The advantage of Freud’s focus on drives and, in particular, on the sexual drive is that it underlines the non-rational aspects of human behaviour. But there is a risk we forget that our minds have both a conscious and an unconscious dimension. In fact, the supposedly biological sexual drive ends up absorbing many of the psychological aspects of human action. Rather than simply being a drive to seek sexual pleasure, it is treated as including: our desire for control (the drive for mastery); our desire to assert ourselves over others (the drive to show/exhibitionism); our desire to intrude on others (the drive to look/voyeurism); and our desire to take out our negative feelings on other people (drive to cruelty). Bringing in these other elements underlines the fact that, in contrast with the sex lives of animals, the sex lives of human beings is not just about sexual pleasure. For us, everything sexual has a symbolic or psychological dimension. Take the phenomenon of men touching their crotch. This is an irrational action but, unlike masturbation, it is not about sexual pleasure. If we want to explain why men do this, we should look not for biological explanations but for psychological explanations including psychological explanations that have an unconscious dimension.

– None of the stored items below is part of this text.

lemma abs_glap_le:
  assumes "\<mu> x > 0" "finite {y. b x y > 0}"
    and "\<And>y. b x y > 0 \<Longrightarrow> b x y \<le> p" "\<And>y. b x y > 0 \<Longrightarrow> \<bar>\<psi> x - \<psi> y\<bar> \<le> L"
  shows "\<bar>glap b \<mu> \<psi> x\<bar> \<le> real (gdeg b x) * p * L / \<mu> x"
proof -
  have "\<bar>\<Sum>y | b x y > 0. b x y * (\<psi> x - \<psi> y)\<bar> \<le> (\<Sum>y | b x y > 0. \<bar>b x y * (\<psi> x - \<psi> y)\<bar>)"
    by (rule sum_abs)
  also have "\<dots> \<le> (\<Sum>y | b x y > 0. p * L)"
    using assms(3,4) by (intro sum_mono abs_mult_diff_le) auto
  also have "\<dots> = real (gdeg b x) * p * L"
    by (simp add: gdeg_def)
  finally show ?thesis
    using assms(1) unfolding glap_def by (simp add: abs_mult divide_right_mono)
qed

lemma norm_Pop_le:
  assumes "\<mu> x > 0" "finite {y. b x y > 0}"
    and "\<And>y. b x y > 0 \<Longrightarrow> b x y \<le> p" "\<And>y. b x y > 0 \<Longrightarrow> \<bar>\<psi> x - \<psi> y\<bar> \<le> L"
  shows "cmod (Pop b \<mu> \<theta> \<psi> u x)
    \<le> p * L / \<mu> x * (\<Sum>y | b x y > 0 \<and> \<psi> y \<noteq> \<psi> x. cmod (u x) + cmod (u y))"
proof -
  define F where "F y = complex_of_real (b x y * (\<psi> x - \<psi> y)) *
    (u x - exp (\<i> * complex_of_real (\<theta> x y)) * u y)" for y
  have "(\<Sum>y | b x y > 0. F y) = (\<Sum>y | b x y > 0 \<and> \<psi> y \<noteq> \<psi> x. F y)"
    using assms(2) by (intro sum.mono_neutral_right) (auto simp: F_def)
  also have "cmod \<dots> \<le> (\<Sum>y | b x y > 0 \<and> \<psi> y \<noteq> \<psi> x. cmod (F y))"
    by (rule norm_sum)
  also have "\<dots> \<le> (\<Sum>y | b x y > 0 \<and> \<psi> y \<noteq> \<psi> x. p * L * (cmod (u x) + cmod (u y)))"
  proof (intro sum_mono)
    fix y assume "y \<in> {y. b x y > 0 \<and> \<psi> y \<noteq> \<psi> x}"
    then have "\<bar>b x y * (\<psi> x - \<psi> y)\<bar> \<le> p * L"
      using assms(3,4) by (intro abs_mult_diff_le) auto
    moreover have "cmod (u x - exp (\<i> * complex_of_real (\<theta> x y)) * u y) \<le> cmod (u x) + cmod (u y)"
      using norm_triangle_ineq4[of "u x" "exp (\<i> * complex_of_real (\<theta> x y)) * u y"]
      by (simp add: norm_mult)
    ultimately show "cmod (F y) \<le> p * L * (cmod (u x) + cmod (u y))"
      unfolding F_def norm_mult norm_of_real by (intro mult_mono) auto
  qed
  finally have "cmod (\<Sum>y | b x y > 0. F y)
      \<le> p * L * (\<Sum>y | b x y > 0 \<and> \<psi> y \<noteq> \<psi> x. cmod (u x) + cmod (u y))"
    by (simp add: sum_distrib_left)
  moreover have "cmod (Pop b \<mu> \<theta> \<psi> u x) = cmod (\<Sum>y | b x y > 0. F y) / \<mu> x"
    using assms(1) unfolding Pop_def F_def by (simp add: norm_mult norm_divide)
  ultimately show ?thesis
    using assms(1) by (simp add: divide_right_mono)
qed

lemma sq_norm_Pop_le:
  assumes "0 < \<mu>0" "\<mu>0 \<le> \<mu> x" "finite {y. b x y > 0}"
    and "\<And>y. b x y > 0 \<Longrightarrow> b x y \<le> p" "\<And>y. b x y > 0 \<Longrightarrow> \<bar>\<psi> x - \<psi> y\<bar> \<le> L"
  shows "\<mu> x * (cmod (Pop b \<mu> \<theta> \<psi> u x))\<^sup>2
    \<le> (p * L)\<^sup>2 / \<mu>0 * (\<Sum>y | b x y > 0 \<and> \<psi> y \<noteq> \<psi> x. cmod (u x) + cmod (u y))\<^sup>2"
proof -
  define A where "A = (\<Sum>y | b x y > 0 \<and> \<psi> y \<noteq> \<psi> x. cmod (u x) + cmod (u y))"
  have mu_pos: "\<mu> x > 0"
    using assms(1,2) by linarith
  have "cmod (Pop b \<mu> \<theta> \<psi> u x) \<le> p * L / \<mu> x * A"
    unfolding A_def using mu_pos assms(3-5) by (rule norm_Pop_le)
  then have "(cmod (Pop b \<mu> \<theta> \<psi> u x))\<^sup>2 \<le> (p * L / \<mu> x * A)\<^sup>2"
    by (intro power_mono) auto
  then have "\<mu> x * (cmod (Pop b \<mu> \<theta> \<psi> u x))\<^sup>2 \<le> (p * L)\<^sup>2 / \<mu> x * A\<^sup>2"
    using mu_pos by (simp add: field_simps power2_eq_square)
  also have "\<dots> \<le> (p * L)\<^sup>2 / \<mu>0 * A\<^sup>2"
    using assms(1) mu_pos by (intro mult_right_mono divide_left_mono[OF assms(2)]) simp_all
  finally show ?thesis unfolding A_def .
qed

lemma sum_sum_neighbours_swap:
  assumes "finite S" "\<And>x y. R x y \<Longrightarrow> R y x" "\<And>x y. R x y \<Longrightarrow> x \<in> S"
  shows "(\<Sum>x\<in>S. \<Sum>y | R x y. f y) = (\<Sum>x\<in>S. real (card {y. R x y}) * f x)"
proof -
  have nbhd: "{y. R x y} = {y\<in>S. R x y}" for x
    using assms(2,3) by blast
  have "(\<Sum>x\<in>S. \<Sum>y | R x y. f y) = (\<Sum>x\<in>S. \<Sum>y\<in>S. if R x y then f y else 0)"
    unfolding nbhd using assms(1) by (simp add: sum.inter_filter)
  also have "\<dots> = (\<Sum>y\<in>S. \<Sum>x\<in>S. if R y x then f y else 0)"
    using assms(2) by (subst sum.swap) (auto intro!: sum.cong)
  also have "\<dots> = (\<Sum>x\<in>S. real (card {y. R x y}) * f x)"
    unfolding nbhd using assms(1) by (simp add: sum.inter_filter[symmetric])
  finally show ?thesis .
qed

lemma sum_square_neighbour_sums_le:
  fixes v :: "'a \<Rightarrow> real"
  assumes "finite S" "\<And>x y. R x y \<Longrightarrow> R y x" "\<And>x y. R x y \<Longrightarrow> x \<in> S"
    and "\<And>x. x \<in> S \<Longrightarrow> card {y. R x y} \<le> d"
  shows "(\<Sum>x\<in>S. (\<Sum>y | R x y. v x + v y)\<^sup>2) \<le> (2 * real d)\<^sup>2 * (\<Sum>x\<in>S. (v x)\<^sup>2)"
proof -
  define N where "N x = {y. R x y}" for x
  have "(\<Sum>y\<in>N x. v x + v y)\<^sup>2 \<le> real d * (\<Sum>y\<in>N x. 2 * ((v x)\<^sup>2 + (v y)\<^sup>2))"
    if "x \<in> S" for x
  proof -
    have "(\<Sum>y\<in>N x. v x + v y)\<^sup>2 \<le> real (card (N x)) * (\<Sum>y\<in>N x. (v x + v y)\<^sup>2)"
      using sum_squared_le_sum_of_squares by (simp add: mult.commute)
    also have "\<dots> \<le> real d * (\<Sum>y\<in>N x. 2 * ((v x)\<^sup>2 + (v y)\<^sup>2))"
    proof (rule mult_mono)
      show "(\<Sum>y\<in>N x. (v x + v y)\<^sup>2) \<le> (\<Sum>y\<in>N x. 2 * ((v x)\<^sup>2 + (v y)\<^sup>2))"
      proof (rule sum_mono)
        fix y show "(v x + v y)\<^sup>2 \<le> 2 * ((v x)\<^sup>2 + (v y)\<^sup>2)"
          using sum_squares_bound[of "v x" "v y"] unfolding power2_sum by simp
      qed
    qed (use assms(4) that in \<open>auto simp: N_def intro: sum_nonneg\<close>)
    finally show ?thesis .
  qed
  then have "(\<Sum>x\<in>S. (\<Sum>y\<in>N x. v x + v y)\<^sup>2)
      \<le> (\<Sum>x\<in>S. real d * (\<Sum>y\<in>N x. 2 * ((v x)\<^sup>2 + (v y)\<^sup>2)))"
    by (rule sum_mono)
  also have "\<dots> = 2 * real d * ((\<Sum>x\<in>S. \<Sum>y\<in>N x. (v x)\<^sup>2) + (\<Sum>x\<in>S. \<Sum>y\<in>N x. (v y)\<^sup>2))"
    by (simp add: sum_distrib_left sum.distrib distrib_left mult_ac)
  also have "\<dots> = 4 * real d * (\<Sum>x\<in>S. real (card (N x)) * (v x)\<^sup>2)"
    using sum_sum_neighbours_swap[OF assms(1-3)] by (simp add: N_def)
  also have "\<dots> \<le> 4 * real d * (\<Sum>x\<in>S. real d * (v x)\<^sup>2)"
    using assms(4) by (intro mult_left_mono sum_mono mult_right_mono) (auto simp: N_def)
  also have "\<dots> = (2 * real d)\<^sup>2 * (\<Sum>x\<in>S. (v x)\<^sup>2)"
    by (simp add: sum_distrib_left power2_eq_square mult_ac)
  finally show ?thesis unfolding N_def .
qed

lemma l2norm_le_if_finite_support:
  assumes "finite S" "\<And>x. x \<notin> S \<Longrightarrow> f x = 0" "in_l2 \<mu> u" "\<And>x. \<mu> x \<ge> 0" "c \<ge> 0"
    and "(\<Sum>x\<in>S. \<mu> x * (cmod (f x))\<^sup>2) \<le> c\<^sup>2 * (\<Sum>x\<in>S. \<mu> x * (cmod (u x))\<^sup>2)"
  shows "in_l2 \<mu> f \<and> l2norm \<mu> f \<le> c * l2norm \<mu> u"
proof -
  have "((\<lambda>x. \<mu> x * (cmod (f x))\<^sup>2) has_sum (\<Sum>x\<in>S. \<mu> x * (cmod (f x))\<^sup>2)) UNIV"
    using assms(1,2) by (intro has_sum_finite_neutralI) auto
  then have f_l2: "in_l2 \<mu> f" and f_eq: "l2norm \<mu> f = sqrt (\<Sum>x\<in>S. \<mu> x * (cmod (f x))\<^sup>2)"
    unfolding in_l2_def l2norm_def by (auto dest: has_sum_imp_summable infsumI)
  have "(\<Sum>x\<in>S. \<mu> x * (cmod (u x))\<^sup>2) \<le> (\<Sum>\<^sub>\<infinity>x. \<mu> x * (cmod (u x))\<^sup>2)"
    using assms(1,3,4) unfolding in_l2_def by (intro finite_sum_le_infsum) auto
  then have "(\<Sum>x\<in>S. \<mu> x * (cmod (f x))\<^sup>2) \<le> c\<^sup>2 * (\<Sum>\<^sub>\<infinity>x. \<mu> x * (cmod (u x))\<^sup>2)"
    using assms(6) by (meson mult_left_mono order_trans zero_le_power2)
  then have "sqrt (\<Sum>x\<in>S. \<mu> x * (cmod (f x))\<^sup>2) \<le> sqrt (c\<^sup>2 * (\<Sum>\<^sub>\<infinity>x. \<mu> x * (cmod (u x))\<^sup>2))"
    by (rule real_sqrt_le_mono)
  then show ?thesis
    unfolding f_eq using f_l2 assms(5) by (simp add: real_sqrt_mult l2norm_def)
qed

So, where does this leave the claim that children are polymorphously perverse? I think Freud is right to challenge the idealised picture of childhood as a period of purity and innocence. Children do get a lot of pleasure from their bodies and they tend to do so in a less inhibited way than adults. As Freud points out, we spend a lot of time encouraging them to distinguish between bodily pleasures that are acceptable and those that are not. Freud is also surely right to claim that adult sexual activity brings together aspects of human behaviour that are separate in childhood. But his claim that all these aspects involve or relate to sexual pleasure is much less convincing. Even if children get lots of pleasure from their bodies, it is not clear that these pleasures are sexual. So, there is no reason to see them as “polymorphously perverse”. Similarly, while the childhood impulses towards cruelty, self-aggrandisement and prying/intruding are reflected in adult sexual activities (and in many other aspects of adult life), this does not prove that they come to form one unified drive. On the contrary, what The Essays (and Freud’s work in general) demonstrates is how complicated our explanations need to be if we are understand the behaviour of animals whose possession of a sophisticated language has allowed them to develop a complex inner world of thoughts and feelings.